If the concrete is 4-6" (which is typical for a floor anyway), there shouldn't be any problem with a ramset or a tapcon. I would wait for awhile (at least 2 weeks but 4 would be better) to let the concrete cure before attaching anything to it though.

the concrete will have a hollow sound because it is hollow... underneath the concrete due to the drain pipe. That in itself should present no problems.

as an alternative, I would simply glue the track down as you have considered and use kickers to tie the studs to the actual structural wall.


----------



## phillylex (Jan 25, 2011)

nap said:


> Yes, I misunderstood your statement. While I took:.
> to mean that he removed 2 feet of wall, I did not see it as "he cut the lower 2 feet off the entire perimeter wall. "
> 
> If the concrete is 4-6" (which is typical for a floor anyway), there shouldn't be any problem with a ramset or a tapcon. I would wait for awhile (at least 2 weeks but 4 would be better) to let the concrete cure before attaching anything to it though.
> ...


Sorry for the confusion.

I don't think the concrete is 4-6". I think the pipes are 4-6" down and there are maybe 2" of concrete over them. 

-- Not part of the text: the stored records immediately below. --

lemma card_PiE_rows:
  assumes "finite W"
  shows "card {g \<in> PiE (W \<times> E) (\<lambda>_. C). \<forall>u\<in>W. P (\<lambda>e\<in>E. g (u, e))}
       = card {\<phi> \<in> PiE E (\<lambda>_. C). P \<phi>} ^ card W"
proof -
  let ?L = "{g \<in> PiE (W \<times> E) (\<lambda>_. C). \<forall>u\<in>W. P (\<lambda>e\<in>E. g (u, e))}"
  let ?R = "PiE W (\<lambda>_. {\<phi> \<in> PiE E (\<lambda>_. C). P \<phi>})"
  let ?rows = "\<lambda>g. \<lambda>u\<in>W. \<lambda>e\<in>E. g (u, e)"
  let ?uncurry = "\<lambda>\<Phi>. restrict (\<lambda>(u, e). \<Phi> u e) (W \<times> E)"
  have row_uncurry: "(\<lambda>e\<in>E. ?uncurry \<Phi> (u, e)) = \<Phi> u" if "\<Phi> \<in> ?R" "u \<in> W" for \<Phi> u
  proof -
    have "(\<lambda>e\<in>E. ?uncurry \<Phi> (u, e)) = restrict (\<Phi> u) E"
      using \<open>u \<in> W\<close> by (auto intro: restrict_cong)
    also have "\<dots> = \<Phi> u" using that by (auto simp: PiE_iff)
    finally show ?thesis .
  qed
  have "bij_betw ?rows ?L ?R"
  proof (rule bij_betwI)
    show "?rows \<in> ?L \<rightarrow> ?R"
      by (auto simp: PiE_iff)
    show "?uncurry \<in> ?R \<rightarrow> ?L"
      using row_uncurry by (auto simp: PiE_iff)
    show "?uncurry (?rows g) = g" if "g \<in> ?L" for g
    proof
      fix x
      show "?uncurry (?rows g) x = g x"
        using that PiE_arb[of g "W \<times> E" "\<lambda>_. C" x] by (cases x) auto
    qed
    show "?rows (?uncurry \<Phi>) = \<Phi>" if "\<Phi> \<in> ?R" for \<Phi>
    proof
      fix u
      show "?rows (?uncurry \<Phi>) u = \<Phi> u"
        using that row_uncurry PiE_arb[of \<Phi> W _ u] by auto
    qed
  qed
  then show ?thesis
    using assms by (simp add: bij_betw_same_card card_PiE)
qed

The concrete is about 9 months old actually, so no concerns with curing at this point.

Any recommendations for a vapor/moisture barrier between the concrete and stud track?


----------



## Ron6519 (Mar 28, 2007)

Use 1" drive pins. You drill a 1/4" hole through the metal plate, put it on the floor and drill a 1/4" hole, 1 1/4" deep in the concrete. Drop the pin in the hole and tap the drive pin down into the hole. One every 2 feet will hold it in place.
Ron


----------



## oh'mike (Sep 18, 2009)

I've glued the bottom plate down in basements with heated floors---no problem--I always used treated wood,however.


----------



## willfinish (Dec 8, 2011)

*urethane construction adhesive*

will work nicely to hold down your new plate. I have been a carpenter for 35 years and if you want a moisture barrier between your bottom plate... metal or wood you can cut a piece of felt paper to fit under the plate. Actually you cannot even use galvanized anchors of any kind with the new treated. The galvanized metal track will be okay as it will outlast the rest of the metal track that is already there. Make it easy on yourself. hold your drywall 1/2" off the floor to avoid the drywall getting damp . Good luck !


----------